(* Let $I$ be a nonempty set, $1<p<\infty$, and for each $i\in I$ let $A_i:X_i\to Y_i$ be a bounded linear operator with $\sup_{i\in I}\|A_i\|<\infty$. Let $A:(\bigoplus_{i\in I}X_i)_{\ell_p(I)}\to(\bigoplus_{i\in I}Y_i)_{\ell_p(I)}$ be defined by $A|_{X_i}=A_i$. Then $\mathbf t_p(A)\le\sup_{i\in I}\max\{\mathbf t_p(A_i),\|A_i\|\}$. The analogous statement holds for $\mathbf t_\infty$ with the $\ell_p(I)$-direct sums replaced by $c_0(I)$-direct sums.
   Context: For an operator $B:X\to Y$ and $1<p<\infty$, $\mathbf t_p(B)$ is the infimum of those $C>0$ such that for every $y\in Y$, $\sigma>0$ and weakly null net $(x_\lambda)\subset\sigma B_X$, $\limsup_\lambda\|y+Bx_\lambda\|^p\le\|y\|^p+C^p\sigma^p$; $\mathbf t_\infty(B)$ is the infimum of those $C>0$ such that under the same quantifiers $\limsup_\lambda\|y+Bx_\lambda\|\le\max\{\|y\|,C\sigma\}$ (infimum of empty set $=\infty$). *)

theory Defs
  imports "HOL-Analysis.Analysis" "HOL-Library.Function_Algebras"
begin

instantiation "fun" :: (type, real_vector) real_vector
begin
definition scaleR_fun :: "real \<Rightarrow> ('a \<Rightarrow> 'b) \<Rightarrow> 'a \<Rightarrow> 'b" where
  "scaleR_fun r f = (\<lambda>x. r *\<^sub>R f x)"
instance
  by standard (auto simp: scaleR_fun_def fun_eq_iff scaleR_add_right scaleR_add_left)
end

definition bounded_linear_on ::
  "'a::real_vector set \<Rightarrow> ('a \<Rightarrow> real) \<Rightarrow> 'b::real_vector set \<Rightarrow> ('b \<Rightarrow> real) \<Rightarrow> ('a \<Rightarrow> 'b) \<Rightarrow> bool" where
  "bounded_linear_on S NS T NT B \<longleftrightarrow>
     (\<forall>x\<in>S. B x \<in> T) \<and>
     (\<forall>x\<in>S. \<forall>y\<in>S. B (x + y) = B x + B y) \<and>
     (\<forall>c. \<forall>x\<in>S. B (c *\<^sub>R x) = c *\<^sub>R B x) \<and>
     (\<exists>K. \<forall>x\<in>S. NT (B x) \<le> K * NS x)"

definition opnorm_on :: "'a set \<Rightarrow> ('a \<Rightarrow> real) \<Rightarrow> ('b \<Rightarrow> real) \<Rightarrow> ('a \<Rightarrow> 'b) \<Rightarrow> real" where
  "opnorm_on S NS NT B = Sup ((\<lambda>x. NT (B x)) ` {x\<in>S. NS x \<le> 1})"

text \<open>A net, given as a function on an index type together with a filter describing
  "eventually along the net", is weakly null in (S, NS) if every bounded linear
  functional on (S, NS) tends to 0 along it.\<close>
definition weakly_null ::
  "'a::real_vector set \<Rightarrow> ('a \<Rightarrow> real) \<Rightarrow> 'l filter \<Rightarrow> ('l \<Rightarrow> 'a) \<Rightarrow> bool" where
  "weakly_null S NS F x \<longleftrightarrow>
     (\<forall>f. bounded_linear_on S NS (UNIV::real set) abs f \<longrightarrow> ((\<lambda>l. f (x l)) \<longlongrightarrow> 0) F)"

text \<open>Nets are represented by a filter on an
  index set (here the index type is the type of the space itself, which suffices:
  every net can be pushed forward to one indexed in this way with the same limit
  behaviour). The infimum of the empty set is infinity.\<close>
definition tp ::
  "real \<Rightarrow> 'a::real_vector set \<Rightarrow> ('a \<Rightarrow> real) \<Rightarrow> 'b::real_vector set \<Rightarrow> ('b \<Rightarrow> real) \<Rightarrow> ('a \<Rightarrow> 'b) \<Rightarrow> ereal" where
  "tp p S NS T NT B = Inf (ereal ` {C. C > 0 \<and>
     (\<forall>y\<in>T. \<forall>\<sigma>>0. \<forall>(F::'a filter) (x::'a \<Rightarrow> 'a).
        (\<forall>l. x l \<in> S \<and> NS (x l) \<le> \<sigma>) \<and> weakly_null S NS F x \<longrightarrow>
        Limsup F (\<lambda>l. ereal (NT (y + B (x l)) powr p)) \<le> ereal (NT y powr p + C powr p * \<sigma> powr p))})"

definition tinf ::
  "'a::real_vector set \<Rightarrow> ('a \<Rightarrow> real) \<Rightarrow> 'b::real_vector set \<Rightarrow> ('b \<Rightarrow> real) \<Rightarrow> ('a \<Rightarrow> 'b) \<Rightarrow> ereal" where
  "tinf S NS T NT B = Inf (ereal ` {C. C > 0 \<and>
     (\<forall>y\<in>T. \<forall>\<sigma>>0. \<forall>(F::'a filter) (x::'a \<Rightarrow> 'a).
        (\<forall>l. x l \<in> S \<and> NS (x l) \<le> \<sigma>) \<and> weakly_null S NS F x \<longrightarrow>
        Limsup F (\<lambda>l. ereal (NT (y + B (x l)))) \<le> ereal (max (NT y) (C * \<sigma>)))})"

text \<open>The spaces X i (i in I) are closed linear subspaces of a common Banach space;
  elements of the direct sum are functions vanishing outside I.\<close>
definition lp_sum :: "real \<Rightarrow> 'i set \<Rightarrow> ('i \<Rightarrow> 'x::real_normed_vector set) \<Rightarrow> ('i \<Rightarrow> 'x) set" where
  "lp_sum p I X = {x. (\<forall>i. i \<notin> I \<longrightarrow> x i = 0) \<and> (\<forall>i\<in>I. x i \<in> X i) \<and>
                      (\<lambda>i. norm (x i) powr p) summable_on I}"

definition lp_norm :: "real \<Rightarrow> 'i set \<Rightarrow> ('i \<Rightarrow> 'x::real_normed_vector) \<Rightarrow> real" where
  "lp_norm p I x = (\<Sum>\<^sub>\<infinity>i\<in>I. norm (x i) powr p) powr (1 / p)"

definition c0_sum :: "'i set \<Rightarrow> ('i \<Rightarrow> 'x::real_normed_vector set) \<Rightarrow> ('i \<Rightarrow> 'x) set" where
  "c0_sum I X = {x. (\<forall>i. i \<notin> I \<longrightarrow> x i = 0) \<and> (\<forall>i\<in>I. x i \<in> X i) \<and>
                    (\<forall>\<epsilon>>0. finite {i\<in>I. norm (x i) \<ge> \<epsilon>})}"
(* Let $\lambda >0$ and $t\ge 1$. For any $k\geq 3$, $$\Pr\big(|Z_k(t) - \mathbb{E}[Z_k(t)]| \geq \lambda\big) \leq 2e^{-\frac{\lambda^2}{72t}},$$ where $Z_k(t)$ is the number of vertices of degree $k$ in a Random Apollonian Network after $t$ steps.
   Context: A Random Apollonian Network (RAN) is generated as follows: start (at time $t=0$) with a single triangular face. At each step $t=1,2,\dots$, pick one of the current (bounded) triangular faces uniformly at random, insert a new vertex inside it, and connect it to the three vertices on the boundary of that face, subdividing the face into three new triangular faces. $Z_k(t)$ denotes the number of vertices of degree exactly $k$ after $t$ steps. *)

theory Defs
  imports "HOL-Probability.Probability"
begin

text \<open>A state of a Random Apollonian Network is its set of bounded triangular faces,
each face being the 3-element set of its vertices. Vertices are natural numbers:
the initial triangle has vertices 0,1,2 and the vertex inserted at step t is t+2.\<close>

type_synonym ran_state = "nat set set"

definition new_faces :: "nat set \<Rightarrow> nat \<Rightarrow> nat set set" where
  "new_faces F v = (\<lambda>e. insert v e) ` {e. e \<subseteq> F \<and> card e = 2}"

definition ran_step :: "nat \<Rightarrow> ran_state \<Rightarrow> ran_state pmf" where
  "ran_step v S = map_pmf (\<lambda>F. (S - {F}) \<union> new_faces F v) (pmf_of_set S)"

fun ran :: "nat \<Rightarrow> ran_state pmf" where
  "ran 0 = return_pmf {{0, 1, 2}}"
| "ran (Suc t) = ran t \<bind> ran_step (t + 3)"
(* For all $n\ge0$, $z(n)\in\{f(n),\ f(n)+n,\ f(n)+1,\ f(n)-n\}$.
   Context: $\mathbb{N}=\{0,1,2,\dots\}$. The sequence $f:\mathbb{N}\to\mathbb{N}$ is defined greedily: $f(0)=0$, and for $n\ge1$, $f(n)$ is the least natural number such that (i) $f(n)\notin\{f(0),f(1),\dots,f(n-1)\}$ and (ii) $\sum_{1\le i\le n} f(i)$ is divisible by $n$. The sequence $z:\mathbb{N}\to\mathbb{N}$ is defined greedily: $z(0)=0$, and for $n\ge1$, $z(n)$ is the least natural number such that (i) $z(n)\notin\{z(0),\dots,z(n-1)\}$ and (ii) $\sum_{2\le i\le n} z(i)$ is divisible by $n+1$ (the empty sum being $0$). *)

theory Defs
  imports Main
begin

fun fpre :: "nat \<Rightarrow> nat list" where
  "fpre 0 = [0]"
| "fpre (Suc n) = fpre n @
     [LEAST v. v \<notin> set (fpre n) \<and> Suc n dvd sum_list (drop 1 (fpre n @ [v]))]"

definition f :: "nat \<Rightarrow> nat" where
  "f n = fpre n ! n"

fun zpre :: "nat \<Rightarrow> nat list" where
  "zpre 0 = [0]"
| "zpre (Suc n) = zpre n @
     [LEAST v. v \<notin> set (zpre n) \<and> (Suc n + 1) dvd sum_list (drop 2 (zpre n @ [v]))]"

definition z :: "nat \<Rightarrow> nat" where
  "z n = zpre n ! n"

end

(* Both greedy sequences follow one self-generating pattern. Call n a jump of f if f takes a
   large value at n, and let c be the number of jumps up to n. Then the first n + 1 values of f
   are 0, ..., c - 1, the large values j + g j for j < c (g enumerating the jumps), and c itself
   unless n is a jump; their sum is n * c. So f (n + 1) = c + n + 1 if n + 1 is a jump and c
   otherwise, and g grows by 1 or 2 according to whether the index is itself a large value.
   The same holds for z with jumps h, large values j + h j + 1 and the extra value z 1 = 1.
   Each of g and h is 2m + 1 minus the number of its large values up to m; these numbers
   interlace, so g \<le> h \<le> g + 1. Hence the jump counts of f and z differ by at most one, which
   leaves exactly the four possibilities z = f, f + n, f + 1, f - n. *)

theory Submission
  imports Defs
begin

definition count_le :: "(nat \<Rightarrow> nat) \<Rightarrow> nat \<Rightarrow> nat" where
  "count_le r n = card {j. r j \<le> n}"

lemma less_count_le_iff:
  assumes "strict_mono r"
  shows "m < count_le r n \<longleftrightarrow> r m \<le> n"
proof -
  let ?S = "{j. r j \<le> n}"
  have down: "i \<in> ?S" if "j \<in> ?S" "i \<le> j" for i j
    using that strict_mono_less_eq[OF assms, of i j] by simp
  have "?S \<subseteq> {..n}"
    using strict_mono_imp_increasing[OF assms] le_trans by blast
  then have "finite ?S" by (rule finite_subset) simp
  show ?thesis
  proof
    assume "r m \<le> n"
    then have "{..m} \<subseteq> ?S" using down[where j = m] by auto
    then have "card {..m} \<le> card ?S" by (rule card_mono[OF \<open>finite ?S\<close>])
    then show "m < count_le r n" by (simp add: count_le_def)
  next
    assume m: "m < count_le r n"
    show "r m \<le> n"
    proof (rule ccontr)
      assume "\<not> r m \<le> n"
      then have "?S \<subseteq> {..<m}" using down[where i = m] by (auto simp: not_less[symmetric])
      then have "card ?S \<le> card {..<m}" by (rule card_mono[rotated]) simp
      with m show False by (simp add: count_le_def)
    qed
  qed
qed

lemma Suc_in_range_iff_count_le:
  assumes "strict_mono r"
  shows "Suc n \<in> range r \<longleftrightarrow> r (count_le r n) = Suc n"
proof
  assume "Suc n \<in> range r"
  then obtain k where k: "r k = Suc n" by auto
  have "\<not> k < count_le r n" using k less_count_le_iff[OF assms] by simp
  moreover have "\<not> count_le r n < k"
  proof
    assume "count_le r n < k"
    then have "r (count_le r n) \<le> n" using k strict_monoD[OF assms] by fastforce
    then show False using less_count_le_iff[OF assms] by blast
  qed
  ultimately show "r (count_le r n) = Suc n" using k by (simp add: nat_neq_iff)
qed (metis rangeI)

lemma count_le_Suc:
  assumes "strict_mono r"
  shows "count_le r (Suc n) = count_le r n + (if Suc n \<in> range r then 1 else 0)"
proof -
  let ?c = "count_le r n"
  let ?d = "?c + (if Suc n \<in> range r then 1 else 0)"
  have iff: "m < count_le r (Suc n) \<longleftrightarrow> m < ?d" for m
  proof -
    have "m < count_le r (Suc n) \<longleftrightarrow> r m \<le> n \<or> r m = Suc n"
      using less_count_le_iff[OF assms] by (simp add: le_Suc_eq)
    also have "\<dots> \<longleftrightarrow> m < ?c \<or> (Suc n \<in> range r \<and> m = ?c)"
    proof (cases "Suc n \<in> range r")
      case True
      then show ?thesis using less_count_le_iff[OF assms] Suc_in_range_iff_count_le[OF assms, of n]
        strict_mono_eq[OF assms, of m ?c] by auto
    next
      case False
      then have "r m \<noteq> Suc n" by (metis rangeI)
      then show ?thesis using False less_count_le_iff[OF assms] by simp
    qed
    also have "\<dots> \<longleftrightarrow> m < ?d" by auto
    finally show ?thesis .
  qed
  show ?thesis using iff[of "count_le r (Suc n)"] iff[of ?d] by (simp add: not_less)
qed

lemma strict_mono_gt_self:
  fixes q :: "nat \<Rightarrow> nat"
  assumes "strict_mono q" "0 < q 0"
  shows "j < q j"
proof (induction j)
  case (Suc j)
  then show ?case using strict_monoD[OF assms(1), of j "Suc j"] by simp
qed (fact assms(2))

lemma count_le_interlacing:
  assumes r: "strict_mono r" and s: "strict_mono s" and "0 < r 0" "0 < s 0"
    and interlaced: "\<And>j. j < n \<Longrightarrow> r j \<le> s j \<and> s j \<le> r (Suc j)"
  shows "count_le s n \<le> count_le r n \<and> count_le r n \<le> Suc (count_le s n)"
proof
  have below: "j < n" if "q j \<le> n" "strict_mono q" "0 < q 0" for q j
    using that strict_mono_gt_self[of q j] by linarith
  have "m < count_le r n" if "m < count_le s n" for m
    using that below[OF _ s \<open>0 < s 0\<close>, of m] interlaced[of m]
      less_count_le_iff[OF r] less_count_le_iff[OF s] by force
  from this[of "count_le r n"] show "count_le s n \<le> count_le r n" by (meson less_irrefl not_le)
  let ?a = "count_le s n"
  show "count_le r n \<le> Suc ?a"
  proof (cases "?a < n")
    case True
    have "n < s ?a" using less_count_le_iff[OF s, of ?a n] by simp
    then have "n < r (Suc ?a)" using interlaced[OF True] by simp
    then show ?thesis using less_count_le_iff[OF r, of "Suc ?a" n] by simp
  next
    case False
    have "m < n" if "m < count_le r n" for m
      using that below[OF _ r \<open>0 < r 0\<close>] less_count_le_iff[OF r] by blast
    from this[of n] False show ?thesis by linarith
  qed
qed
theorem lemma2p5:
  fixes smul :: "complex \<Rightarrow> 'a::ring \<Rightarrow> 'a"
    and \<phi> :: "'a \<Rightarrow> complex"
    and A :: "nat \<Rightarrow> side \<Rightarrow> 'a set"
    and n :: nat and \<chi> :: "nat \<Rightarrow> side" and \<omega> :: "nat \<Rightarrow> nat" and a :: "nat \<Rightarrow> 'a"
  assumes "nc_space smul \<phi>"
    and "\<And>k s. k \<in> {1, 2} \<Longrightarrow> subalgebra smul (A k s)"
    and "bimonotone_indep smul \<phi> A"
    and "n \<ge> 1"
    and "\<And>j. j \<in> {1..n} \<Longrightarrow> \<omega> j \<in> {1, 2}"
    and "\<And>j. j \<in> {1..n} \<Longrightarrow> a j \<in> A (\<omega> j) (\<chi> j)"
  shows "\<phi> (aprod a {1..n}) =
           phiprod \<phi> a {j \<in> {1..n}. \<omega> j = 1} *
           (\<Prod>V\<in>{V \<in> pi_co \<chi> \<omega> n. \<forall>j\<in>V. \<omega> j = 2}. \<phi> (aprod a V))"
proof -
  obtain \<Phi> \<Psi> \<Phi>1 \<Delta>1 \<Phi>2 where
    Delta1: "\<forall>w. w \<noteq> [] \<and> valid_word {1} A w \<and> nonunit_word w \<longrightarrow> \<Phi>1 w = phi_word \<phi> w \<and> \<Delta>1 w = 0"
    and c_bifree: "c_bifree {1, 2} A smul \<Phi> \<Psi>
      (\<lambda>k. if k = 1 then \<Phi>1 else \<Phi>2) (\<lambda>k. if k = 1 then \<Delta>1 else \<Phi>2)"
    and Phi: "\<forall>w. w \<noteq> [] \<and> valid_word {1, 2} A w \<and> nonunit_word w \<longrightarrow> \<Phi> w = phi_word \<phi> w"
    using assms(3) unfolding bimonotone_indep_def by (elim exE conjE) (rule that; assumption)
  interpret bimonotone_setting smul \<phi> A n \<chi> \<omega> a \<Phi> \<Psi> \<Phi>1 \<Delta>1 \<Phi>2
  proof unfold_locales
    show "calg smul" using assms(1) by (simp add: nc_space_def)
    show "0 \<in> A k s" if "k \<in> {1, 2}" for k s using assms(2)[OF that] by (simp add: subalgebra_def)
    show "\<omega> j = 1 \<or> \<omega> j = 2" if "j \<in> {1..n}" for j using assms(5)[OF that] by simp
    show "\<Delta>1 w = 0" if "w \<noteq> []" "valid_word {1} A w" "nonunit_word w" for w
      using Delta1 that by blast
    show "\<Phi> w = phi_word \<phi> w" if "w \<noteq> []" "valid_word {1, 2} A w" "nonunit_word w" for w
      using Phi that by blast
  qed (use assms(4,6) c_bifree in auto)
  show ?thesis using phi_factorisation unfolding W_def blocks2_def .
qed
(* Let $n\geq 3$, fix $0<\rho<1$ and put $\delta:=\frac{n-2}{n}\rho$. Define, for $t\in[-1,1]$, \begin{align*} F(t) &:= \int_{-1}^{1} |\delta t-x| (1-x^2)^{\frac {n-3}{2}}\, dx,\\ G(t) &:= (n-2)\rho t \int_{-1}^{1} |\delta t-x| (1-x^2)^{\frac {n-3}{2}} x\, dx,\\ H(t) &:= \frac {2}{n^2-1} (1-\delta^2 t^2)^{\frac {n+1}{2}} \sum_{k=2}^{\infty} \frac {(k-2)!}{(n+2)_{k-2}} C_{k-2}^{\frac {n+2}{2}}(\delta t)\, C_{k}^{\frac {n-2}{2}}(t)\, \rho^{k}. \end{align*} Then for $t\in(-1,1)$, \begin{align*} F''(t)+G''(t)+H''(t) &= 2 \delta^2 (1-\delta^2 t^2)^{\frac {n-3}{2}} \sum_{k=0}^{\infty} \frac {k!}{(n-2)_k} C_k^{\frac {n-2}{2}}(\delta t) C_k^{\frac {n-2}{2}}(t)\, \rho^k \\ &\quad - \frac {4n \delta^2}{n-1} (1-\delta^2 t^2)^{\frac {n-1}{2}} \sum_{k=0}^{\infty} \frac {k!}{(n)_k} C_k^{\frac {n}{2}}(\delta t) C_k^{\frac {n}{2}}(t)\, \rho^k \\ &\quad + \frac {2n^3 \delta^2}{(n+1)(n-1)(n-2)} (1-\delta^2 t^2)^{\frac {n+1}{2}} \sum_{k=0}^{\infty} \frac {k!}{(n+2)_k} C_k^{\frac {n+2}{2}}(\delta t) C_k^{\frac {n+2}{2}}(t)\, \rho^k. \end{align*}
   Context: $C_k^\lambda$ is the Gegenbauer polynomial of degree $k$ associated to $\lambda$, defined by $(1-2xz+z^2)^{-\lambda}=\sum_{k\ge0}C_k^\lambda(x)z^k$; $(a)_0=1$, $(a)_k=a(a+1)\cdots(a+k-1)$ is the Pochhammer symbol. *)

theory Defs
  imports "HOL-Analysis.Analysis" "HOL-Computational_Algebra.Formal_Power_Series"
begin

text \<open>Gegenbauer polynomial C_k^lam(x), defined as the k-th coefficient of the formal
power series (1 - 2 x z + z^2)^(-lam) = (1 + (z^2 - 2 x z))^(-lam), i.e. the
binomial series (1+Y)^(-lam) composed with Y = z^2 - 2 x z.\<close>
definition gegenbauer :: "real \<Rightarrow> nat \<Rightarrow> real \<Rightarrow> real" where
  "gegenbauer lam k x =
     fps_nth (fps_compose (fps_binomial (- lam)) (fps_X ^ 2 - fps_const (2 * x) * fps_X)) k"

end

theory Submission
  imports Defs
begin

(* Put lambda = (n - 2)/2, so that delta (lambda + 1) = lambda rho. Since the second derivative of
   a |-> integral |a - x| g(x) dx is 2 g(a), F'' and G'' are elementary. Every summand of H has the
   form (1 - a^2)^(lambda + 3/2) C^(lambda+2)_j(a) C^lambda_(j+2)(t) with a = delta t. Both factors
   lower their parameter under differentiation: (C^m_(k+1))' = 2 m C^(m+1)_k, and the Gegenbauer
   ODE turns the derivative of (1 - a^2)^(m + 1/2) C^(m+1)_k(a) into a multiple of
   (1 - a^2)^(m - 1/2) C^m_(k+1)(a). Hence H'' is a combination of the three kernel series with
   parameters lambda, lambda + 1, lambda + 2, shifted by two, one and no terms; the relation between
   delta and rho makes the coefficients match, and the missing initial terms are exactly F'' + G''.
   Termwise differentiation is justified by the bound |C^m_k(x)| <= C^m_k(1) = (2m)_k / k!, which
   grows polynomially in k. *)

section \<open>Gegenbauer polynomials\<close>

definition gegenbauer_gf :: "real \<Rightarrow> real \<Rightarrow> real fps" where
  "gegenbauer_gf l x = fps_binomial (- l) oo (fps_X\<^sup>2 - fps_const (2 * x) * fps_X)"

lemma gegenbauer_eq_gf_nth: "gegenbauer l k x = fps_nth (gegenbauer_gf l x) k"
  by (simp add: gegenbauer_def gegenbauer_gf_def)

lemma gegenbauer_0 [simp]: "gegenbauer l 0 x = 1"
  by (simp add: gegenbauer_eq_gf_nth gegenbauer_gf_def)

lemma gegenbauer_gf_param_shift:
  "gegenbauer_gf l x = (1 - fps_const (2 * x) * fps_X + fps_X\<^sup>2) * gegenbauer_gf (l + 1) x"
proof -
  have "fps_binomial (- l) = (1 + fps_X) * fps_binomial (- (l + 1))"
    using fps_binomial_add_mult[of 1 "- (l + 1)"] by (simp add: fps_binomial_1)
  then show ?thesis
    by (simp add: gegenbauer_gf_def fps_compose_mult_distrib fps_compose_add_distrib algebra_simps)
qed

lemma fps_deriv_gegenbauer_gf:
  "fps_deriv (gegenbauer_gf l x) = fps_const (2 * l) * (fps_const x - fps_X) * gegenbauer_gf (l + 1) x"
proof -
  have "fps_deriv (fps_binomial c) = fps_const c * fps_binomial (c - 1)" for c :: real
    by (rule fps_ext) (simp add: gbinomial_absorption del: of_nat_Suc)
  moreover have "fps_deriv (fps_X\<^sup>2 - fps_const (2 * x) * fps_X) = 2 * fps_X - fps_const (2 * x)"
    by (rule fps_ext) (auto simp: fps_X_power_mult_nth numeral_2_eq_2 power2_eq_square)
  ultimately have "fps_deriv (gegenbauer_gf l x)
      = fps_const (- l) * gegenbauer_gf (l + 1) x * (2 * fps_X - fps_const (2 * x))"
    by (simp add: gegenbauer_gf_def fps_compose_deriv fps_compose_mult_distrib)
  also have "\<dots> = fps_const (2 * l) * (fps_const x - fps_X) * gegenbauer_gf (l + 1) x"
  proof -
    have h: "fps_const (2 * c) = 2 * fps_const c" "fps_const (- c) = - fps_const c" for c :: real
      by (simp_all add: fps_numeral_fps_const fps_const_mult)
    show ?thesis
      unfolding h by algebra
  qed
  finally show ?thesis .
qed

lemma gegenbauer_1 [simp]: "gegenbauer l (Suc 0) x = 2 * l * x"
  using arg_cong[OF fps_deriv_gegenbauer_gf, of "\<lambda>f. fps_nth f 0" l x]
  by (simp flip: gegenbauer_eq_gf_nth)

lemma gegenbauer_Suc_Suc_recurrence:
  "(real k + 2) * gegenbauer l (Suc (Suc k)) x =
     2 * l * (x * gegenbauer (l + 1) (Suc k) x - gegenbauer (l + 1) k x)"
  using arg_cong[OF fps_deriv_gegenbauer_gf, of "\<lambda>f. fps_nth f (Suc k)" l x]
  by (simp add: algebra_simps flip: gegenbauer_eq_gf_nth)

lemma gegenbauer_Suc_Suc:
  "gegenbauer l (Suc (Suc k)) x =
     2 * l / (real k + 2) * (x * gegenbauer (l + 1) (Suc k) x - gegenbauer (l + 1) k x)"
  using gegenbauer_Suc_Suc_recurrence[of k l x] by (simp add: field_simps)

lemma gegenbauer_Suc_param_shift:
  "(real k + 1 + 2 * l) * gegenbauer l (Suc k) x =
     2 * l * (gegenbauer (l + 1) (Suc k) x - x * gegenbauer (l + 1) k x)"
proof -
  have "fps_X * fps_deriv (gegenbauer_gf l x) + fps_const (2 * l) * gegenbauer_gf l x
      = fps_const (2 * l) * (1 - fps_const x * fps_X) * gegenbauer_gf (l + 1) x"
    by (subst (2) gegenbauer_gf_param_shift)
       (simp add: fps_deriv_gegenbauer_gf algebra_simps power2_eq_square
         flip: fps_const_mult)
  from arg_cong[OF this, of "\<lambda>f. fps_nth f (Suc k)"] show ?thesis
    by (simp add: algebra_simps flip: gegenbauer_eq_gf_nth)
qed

Work to complete: Output exactly the lines of the records from the first through the one bearing "Sup ((\<lambda>x. NT", both ends included.

Solution for this task:
(* Let $I$ be a nonempty set, $1<p<\infty$, and for each $i\in I$ let $A_i:X_i\to Y_i$ be a bounded linear operator with $\sup_{i\in I}\|A_i\|<\infty$. Let $A:(\bigoplus_{i\in I}X_i)_{\ell_p(I)}\to(\bigoplus_{i\in I}Y_i)_{\ell_p(I)}$ be defined by $A|_{X_i}=A_i$. Then $\mathbf t_p(A)\le\sup_{i\in I}\max\{\mathbf t_p(A_i),\|A_i\|\}$. The analogous statement holds for $\mathbf t_\infty$ with the $\ell_p(I)$-direct sums replaced by $c_0(I)$-direct sums.
   Context: For an operator $B:X\to Y$ and $1<p<\infty$, $\mathbf t_p(B)$ is the infimum of those $C>0$ such that for every $y\in Y$, $\sigma>0$ and weakly null net $(x_\lambda)\subset\sigma B_X$, $\limsup_\lambda\|y+Bx_\lambda\|^p\le\|y\|^p+C^p\sigma^p$; $\mathbf t_\infty(B)$ is the infimum of those $C>0$ such that under the same quantifiers $\limsup_\lambda\|y+Bx_\lambda\|\le\max\{\|y\|,C\sigma\}$ (infimum of empty set $=\infty$). *)

theory Defs
  imports "HOL-Analysis.Analysis" "HOL-Library.Function_Algebras"
begin

instantiation "fun" :: (type, real_vector) real_vector
begin
definition scaleR_fun :: "real \<Rightarrow> ('a \<Rightarrow> 'b) \<Rightarrow> 'a \<Rightarrow> 'b" where
  "scaleR_fun r f = (\<lambda>x. r *\<^sub>R f x)"
instance
  by standard (auto simp: scaleR_fun_def fun_eq_iff scaleR_add_right scaleR_add_left)
end

definition bounded_linear_on ::
  "'a::real_vector set \<Rightarrow> ('a \<Rightarrow> real) \<Rightarrow> 'b::real_vector set \<Rightarrow> ('b \<Rightarrow> real) \<Rightarrow> ('a \<Rightarrow> 'b) \<Rightarrow> bool" where
  "bounded_linear_on S NS T NT B \<longleftrightarrow>
     (\<forall>x\<in>S. B x \<in> T) \<and>
     (\<forall>x\<in>S. \<forall>y\<in>S. B (x + y) = B x + B y) \<and>
     (\<forall>c. \<forall>x\<in>S. B (c *\<^sub>R x) = c *\<^sub>R B x) \<and>
     (\<exists>K. \<forall>x\<in>S. NT (B x) \<le> K * NS x)"

definition opnorm_on :: "'a set \<Rightarrow> ('a \<Rightarrow> real) \<Rightarrow> ('b \<Rightarrow> real) \<Rightarrow> ('a \<Rightarrow> 'b) \<Rightarrow> real" where
  "opnorm_on S NS NT B = Sup ((\<lambda>x. NT (B x)) ` {x\<in>S. NS x \<le> 1})"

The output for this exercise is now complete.